Ben Zion Steindel was Kingston's first Hillel rabbi. He arrived in 1941, having graduated from the Reform seminary in Cincinnati two years earlier. The following year, Steindel was replaced by Rabbi Gilbert Klaperman, who launched a student newspaper, organized animated debates and discussions as well as religious and social activities before moving on to in the University of Iowa in 1943. Like the rabbis who followed him for the next fifteen years, half of Klaperman's salary was paid by the National Hillel Commission. The other half was paid by Beth Israel. Rabbis Klaperman (1942-43), Gelman (1943-44), Renov (1944-48), Pimontel (1948-55) and Bassan (1956-62) all served both Hillel and Beth Israel. Part way through Rabbi Bassan's term, the synagogue was able to hire Rabbi Karpol Bender, to serve solely its own needs.

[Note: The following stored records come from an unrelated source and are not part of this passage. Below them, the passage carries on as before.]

(* Let $\Gamma=(G,\sigma)$, $G=(V,E)$, be a connected signed graph. Then there exists a real symmetric matrix $M$ compatible with $\Gamma$ such that the smallest eigenvalue $\lambda_1$ of $M$ is simple and a corresponding eigenfunction $f_1$ is nonzero at every vertex. In particular, $\mathfrak{S}(f_1)=1$ and the strong nodal domain of $f_1$ is the whole graph $G$.
   Context: A signed graph $\Gamma=(G,\sigma)$ is a finite simple undirected graph $G=(V,E)$ with $\sigma:E\to\{+1,-1\}$. The induced signed graph of a real symmetric $n\times n$ matrix $M$ has vertices $x_1,\dots,x_n$, edge $\{x_i,x_j\}$ iff $i\ne j$ and $M_{ij}\ne0$, sign $-M_{ij}/|M_{ij}|$; $M$ is compatible with $\Gamma$ if its induced signed graph is $\Gamma$. A walk is $y_1,\dots,y_m$ ($m\ge2$) with consecutive vertices adjacent; for $f:V\to\mathbb R$ an S-walk is a walk with $f(y_j)\sigma_{y_jy_{j+1}}f(y_{j+1})>0$ for all $j$. The strong nodal domains of $f$ are the induced subgraphs on the equivalence classes of the relation on $\{x:f(x)\ne0\}$ "$x=y$ or an S-walk connects $x$ and $y$"; $\mathfrak{S}(f)$ is their number. *)

theory Defs
  imports "HOL-Analysis.Analysis" "HOL-Computational_Algebra.Polynomial"
begin

text \<open>Signed graphs on the finite vertex type 'n (vertices = UNIV).
  E is the (symmetric, irreflexive) adjacency relation, sg the sign function on edges.\<close>

definition signed_graph :: "('n::finite \<Rightarrow> 'n \<Rightarrow> bool) \<Rightarrow> ('n \<Rightarrow> 'n \<Rightarrow> real) \<Rightarrow> bool" where
  "signed_graph E sg \<longleftrightarrow> (\<forall>x y. E x y \<longrightarrow> E y x) \<and> (\<forall>x. \<not> E x x) \<and>
     (\<forall>x y. E x y \<longrightarrow> sg x y = sg y x \<and> (sg x y = 1 \<or> sg x y = -1))"

definition connected_graph :: "('n \<Rightarrow> 'n \<Rightarrow> bool) \<Rightarrow> bool" where
  "connected_graph E \<longleftrightarrow> (\<forall>x y. E\<^sup>*\<^sup>* x y)"

definition symmetric_matrix :: "real^'n^'n \<Rightarrow> bool" where
  "symmetric_matrix M \<longleftrightarrow> transpose M = M"

definition compatible :: "real^'n^'n \<Rightarrow> ('n \<Rightarrow> 'n \<Rightarrow> bool) \<Rightarrow> ('n \<Rightarrow> 'n \<Rightarrow> real) \<Rightarrow> bool" where
  "compatible M E sg \<longleftrightarrow>
     (\<forall>i j. E i j \<longleftrightarrow> (i \<noteq> j \<and> M $ i $ j \<noteq> 0)) \<and>
     (\<forall>i j. E i j \<longrightarrow> sg i j = - (M $ i $ j / \<bar>M $ i $ j\<bar>))"

definition is_eigenvalue :: "real^'n^'n \<Rightarrow> real \<Rightarrow> bool" where
  "is_eigenvalue M l \<longleftrightarrow> (\<exists>v. v \<noteq> 0 \<and> M *v v = l *\<^sub>R v)"

definition charpoly :: "real^'n^'n \<Rightarrow> real poly" where
  "charpoly M = det (\<chi> i j. (if i = j then [:0, 1:] else 0) - [: M $ i $ j :])"

definition simple_eigenvalue :: "real^'n^'n \<Rightarrow> real \<Rightarrow> bool" where
  "simple_eigenvalue M l \<longleftrightarrow> is_eigenvalue M l \<and> order l (charpoly M) = 1"

definition smallest_eigenvalue :: "real^'n^'n \<Rightarrow> real \<Rightarrow> bool" where
  "smallest_eigenvalue M l \<longleftrightarrow> is_eigenvalue M l \<and> (\<forall>m. is_eigenvalue M m \<longrightarrow> l \<le> m)"

definition walk :: "('n \<Rightarrow> 'n \<Rightarrow> bool) \<Rightarrow> 'n list \<Rightarrow> bool" where
  "walk E ys \<longleftrightarrow> length ys \<ge> 2 \<and> (\<forall>j. Suc j < length ys \<longrightarrow> E (ys ! j) (ys ! Suc j))"

definition s_walk :: "('n \<Rightarrow> 'n \<Rightarrow> bool) \<Rightarrow> ('n \<Rightarrow> 'n \<Rightarrow> real) \<Rightarrow> ('n \<Rightarrow> real) \<Rightarrow> 'n list \<Rightarrow> bool" where
  "s_walk E sg f ys \<longleftrightarrow> walk E ys \<and>
     (\<forall>j. Suc j < length ys \<longrightarrow> f (ys ! j) * sg (ys ! j) (ys ! Suc j) * f (ys ! Suc j) > 0)"

definition strong_rel :: "('n \<Rightarrow> 'n \<Rightarrow> bool) \<Rightarrow> ('n \<Rightarrow> 'n \<Rightarrow> real) \<Rightarrow> ('n \<Rightarrow> real) \<Rightarrow> ('n \<times> 'n) set" where
  "strong_rel E sg f = {(x, y). f x \<noteq> 0 \<and> f y \<noteq> 0 \<and>
      (x = y \<or> (\<exists>ys. s_walk E sg f ys \<and> hd ys = x \<and> last ys = y))}"

text \<open>Vertex sets of the strong nodal domains (each nodal domain is the induced subgraph on one of these).\<close>
definition strong_nodal_domains :: "('n \<Rightarrow> 'n \<Rightarrow> bool) \<Rightarrow> ('n \<Rightarrow> 'n \<Rightarrow> real) \<Rightarrow> ('n \<Rightarrow> real) \<Rightarrow> 'n set set" where
  "strong_nodal_domains E sg f = {x. f x \<noteq> 0} // strong_rel E sg f"

definition num_strong_nodal_domains :: "('n \<Rightarrow> 'n \<Rightarrow> bool) \<Rightarrow> ('n \<Rightarrow> 'n \<Rightarrow> real) \<Rightarrow> ('n \<Rightarrow> real) \<Rightarrow> nat" where
  "num_strong_nodal_domains E sg f = card (strong_nodal_domains E sg f)"

end

theory Submission
  imports Defs
begin

text \<open>Choose signs \<open>s x \<in> {-1, 1}\<close> such that the balanced edges, those with
  \<open>s x * sg x y * s y = 1\<close>, connect the graph: a vertex adjacent to the current balanced
  component can always be re-signed so that it joins it. Give the balanced edges weight \<open>W\<close>
  and the other edges weight \<open>-1\<close>, and let \<open>M = S L S\<close> with \<open>S = diag s\<close> and \<open>L\<close>
  the weighted Laplacian. Then \<open>M s = 0\<close>, and the quadratic form of \<open>M\<close> at \<open>v\<close> is the
  weighted sum of the squares \<open>(s x * v x - s y * v y)\<^sup>2\<close> over the edges. Along paths of
  balanced edges every such square is bounded by a fixed multiple of the balanced part, so for
  large \<open>W\<close> the matrix \<open>M\<close> is positive semidefinite with kernel spanned by \<open>s\<close>. Hence 0 is
  the smallest eigenvalue, and it is a simple root of the characteristic polynomial \<open>p\<close>: by
  Cramer's rule \<open>s r * p t = t * det (D t)\<close>, where \<open>D t\<close> is \<open>t I - M\<close> with column \<open>r\<close>
  replaced by \<open>s\<close>, and \<open>D 0\<close> is nonsingular because the kernel of \<open>M\<close> is one-dimensional.
  Finally \<open>s\<close> has no zeros and \<open>s x * sg x y * s y > 0\<close> on balanced edges, so S-walks
  join any two vertices and there is a single strong nodal domain.\<close>

section \<open>Switching to a connected balanced subgraph\<close>

definition balanced_edge ::
    "('n \<Rightarrow> 'n \<Rightarrow> bool) \<Rightarrow> ('n \<Rightarrow> 'n \<Rightarrow> real) \<Rightarrow> ('n \<Rightarrow> real) \<Rightarrow> 'n \<Rightarrow> 'n \<Rightarrow> bool" where
  "balanced_edge E sg s i j \<longleftrightarrow> E i j \<and> s i * sg i j * s j = 1"

lemma sign_mult_self: "s \<in> {-1, 1} \<Longrightarrow> s * s = (1::real)"
  by auto

lemma rtranclp_exits_set:
  assumes "P\<^sup>*\<^sup>* a b" "a \<in> R" "b \<notin> R"
  shows "\<exists>u v. P u v \<and> u \<in> R \<and> v \<notin> R"
  using assms by (induction rule: rtranclp_induct) auto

In 1944, Hillel was officially recognized by Queen's and in the same year the Jewish Community Council of Kingston voted in favour of accepting the student organization as a member. In 1945, the organization dedicated its own building at 26 Barrie Street. Hillel became known and respected for the services it offered to Jewish students and for its interfaith work, inaugurated in the mid 1940s by Rabbi Renov. The first president of Queen's Hillel was Alfred Bader, a Jewish war refugee who was grateful to be admitted to Queen's, after being turned away by other universities because of their quota systems.
During the war years, the student newspaper, The Hillel Scroll, sensitized and animated its readers by reporting on the fate of Jewish youth in ghettos and labour camps in Europe. In the 1950s, Rabbi Jacob Bassan aimed to use Queen's Hillel as a drawing card to attract more Jewish students to the university. He published a four page brochure with photographs showing the Barrie Street facilities including dining room, music room, reading room and library, letting the parents of prospective students know that their children would find a "home away from home" on campus. Over time, Hillel House became an all-round community centre for Kingston's Jews as well as the focus for Jewish students who attended Queen's. At different times, Talmud Torah classes met there and children from the community joined with their parents in celebrating Succot, Purim and Hanukkah. Other community groups, such as Hadassah-WIZO and Young Judaea, also availed themselves of Hillel House and its facilities.